- What to do
The exercise asks you to copy every line below in which "imports" appears.

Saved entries
—————

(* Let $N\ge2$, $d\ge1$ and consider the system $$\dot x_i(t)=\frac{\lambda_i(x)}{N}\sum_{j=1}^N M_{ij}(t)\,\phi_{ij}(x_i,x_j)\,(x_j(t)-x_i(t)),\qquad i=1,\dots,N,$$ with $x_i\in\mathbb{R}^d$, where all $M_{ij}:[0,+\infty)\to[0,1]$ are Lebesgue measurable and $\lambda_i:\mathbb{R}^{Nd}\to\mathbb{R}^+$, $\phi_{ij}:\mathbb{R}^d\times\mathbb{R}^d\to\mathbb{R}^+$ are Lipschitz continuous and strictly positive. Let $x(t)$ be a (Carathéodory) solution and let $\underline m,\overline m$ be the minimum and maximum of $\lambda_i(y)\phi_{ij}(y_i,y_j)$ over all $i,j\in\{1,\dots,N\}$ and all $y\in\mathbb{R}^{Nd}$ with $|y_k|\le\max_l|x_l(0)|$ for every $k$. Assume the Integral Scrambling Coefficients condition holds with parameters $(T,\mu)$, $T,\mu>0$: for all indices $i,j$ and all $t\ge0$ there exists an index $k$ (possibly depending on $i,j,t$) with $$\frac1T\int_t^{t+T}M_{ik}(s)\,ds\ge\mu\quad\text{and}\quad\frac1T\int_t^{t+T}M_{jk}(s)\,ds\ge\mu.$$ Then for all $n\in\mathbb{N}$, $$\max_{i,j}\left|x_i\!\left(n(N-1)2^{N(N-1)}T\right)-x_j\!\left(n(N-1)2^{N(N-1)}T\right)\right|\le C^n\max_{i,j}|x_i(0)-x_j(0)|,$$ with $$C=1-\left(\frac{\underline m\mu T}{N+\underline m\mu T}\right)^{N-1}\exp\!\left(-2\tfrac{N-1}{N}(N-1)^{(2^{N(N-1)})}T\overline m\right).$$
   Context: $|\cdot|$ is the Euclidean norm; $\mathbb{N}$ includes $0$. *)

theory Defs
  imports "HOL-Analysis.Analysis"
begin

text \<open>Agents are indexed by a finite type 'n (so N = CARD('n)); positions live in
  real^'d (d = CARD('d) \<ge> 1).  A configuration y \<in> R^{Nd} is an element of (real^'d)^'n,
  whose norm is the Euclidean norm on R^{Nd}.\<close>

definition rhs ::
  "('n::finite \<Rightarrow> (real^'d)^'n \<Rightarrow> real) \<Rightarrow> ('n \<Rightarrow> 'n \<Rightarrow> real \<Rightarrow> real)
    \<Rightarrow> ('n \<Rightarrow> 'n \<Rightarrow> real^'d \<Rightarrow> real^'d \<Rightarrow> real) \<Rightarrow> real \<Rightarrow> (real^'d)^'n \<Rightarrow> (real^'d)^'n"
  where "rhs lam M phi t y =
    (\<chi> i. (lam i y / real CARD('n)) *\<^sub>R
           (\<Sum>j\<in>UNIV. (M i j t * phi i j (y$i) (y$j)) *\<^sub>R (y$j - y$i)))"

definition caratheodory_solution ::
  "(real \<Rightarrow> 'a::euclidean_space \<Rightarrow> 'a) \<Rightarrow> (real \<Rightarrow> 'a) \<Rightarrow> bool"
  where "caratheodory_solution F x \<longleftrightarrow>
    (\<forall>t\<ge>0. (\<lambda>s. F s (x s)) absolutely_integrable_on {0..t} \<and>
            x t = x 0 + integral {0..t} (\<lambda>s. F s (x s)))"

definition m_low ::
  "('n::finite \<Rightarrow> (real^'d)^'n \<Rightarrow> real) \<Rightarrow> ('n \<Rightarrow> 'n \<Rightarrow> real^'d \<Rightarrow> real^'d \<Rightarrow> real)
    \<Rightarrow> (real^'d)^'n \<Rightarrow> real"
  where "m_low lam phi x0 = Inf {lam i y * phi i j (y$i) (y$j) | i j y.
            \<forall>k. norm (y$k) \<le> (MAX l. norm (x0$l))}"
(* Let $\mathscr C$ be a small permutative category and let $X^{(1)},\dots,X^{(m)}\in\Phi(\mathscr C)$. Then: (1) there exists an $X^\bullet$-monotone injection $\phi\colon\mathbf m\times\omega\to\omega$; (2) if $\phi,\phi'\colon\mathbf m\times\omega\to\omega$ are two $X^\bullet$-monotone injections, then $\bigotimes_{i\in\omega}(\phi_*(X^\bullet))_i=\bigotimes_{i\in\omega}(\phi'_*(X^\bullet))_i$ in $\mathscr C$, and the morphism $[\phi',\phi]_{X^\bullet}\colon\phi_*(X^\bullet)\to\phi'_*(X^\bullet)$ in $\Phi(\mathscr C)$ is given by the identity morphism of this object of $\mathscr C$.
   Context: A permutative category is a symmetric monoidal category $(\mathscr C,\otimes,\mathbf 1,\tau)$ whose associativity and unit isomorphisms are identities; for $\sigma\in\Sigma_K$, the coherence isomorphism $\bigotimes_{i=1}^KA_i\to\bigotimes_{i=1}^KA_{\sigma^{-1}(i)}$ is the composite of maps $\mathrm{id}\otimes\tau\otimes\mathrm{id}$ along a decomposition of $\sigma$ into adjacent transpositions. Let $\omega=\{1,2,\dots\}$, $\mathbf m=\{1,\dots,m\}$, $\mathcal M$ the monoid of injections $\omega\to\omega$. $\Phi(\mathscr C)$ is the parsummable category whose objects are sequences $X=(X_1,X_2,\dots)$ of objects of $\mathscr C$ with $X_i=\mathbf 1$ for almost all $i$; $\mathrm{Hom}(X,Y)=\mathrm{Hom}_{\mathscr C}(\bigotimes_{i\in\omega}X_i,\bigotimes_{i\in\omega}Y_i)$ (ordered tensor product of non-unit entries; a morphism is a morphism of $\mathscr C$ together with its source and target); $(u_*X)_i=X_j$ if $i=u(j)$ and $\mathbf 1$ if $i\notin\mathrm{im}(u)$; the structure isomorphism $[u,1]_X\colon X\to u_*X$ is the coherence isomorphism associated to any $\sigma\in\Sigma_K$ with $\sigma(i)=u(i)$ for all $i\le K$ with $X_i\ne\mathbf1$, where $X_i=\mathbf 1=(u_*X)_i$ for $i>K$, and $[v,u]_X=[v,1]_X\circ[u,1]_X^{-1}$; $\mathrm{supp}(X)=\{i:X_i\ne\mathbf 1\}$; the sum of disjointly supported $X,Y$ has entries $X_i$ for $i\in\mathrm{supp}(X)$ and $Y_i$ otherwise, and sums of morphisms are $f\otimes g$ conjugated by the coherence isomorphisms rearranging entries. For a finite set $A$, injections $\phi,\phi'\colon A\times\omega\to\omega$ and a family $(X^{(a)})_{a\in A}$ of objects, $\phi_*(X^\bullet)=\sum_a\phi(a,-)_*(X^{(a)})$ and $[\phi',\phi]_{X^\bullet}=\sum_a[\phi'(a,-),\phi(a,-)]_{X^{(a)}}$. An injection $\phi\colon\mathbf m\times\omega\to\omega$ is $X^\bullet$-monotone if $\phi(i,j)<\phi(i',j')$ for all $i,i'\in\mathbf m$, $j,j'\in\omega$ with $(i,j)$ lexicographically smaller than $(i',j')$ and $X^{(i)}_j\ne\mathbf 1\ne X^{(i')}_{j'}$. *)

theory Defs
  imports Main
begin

—————

- Task response
  imports "HOL-Analysis.Analysis"
  imports Main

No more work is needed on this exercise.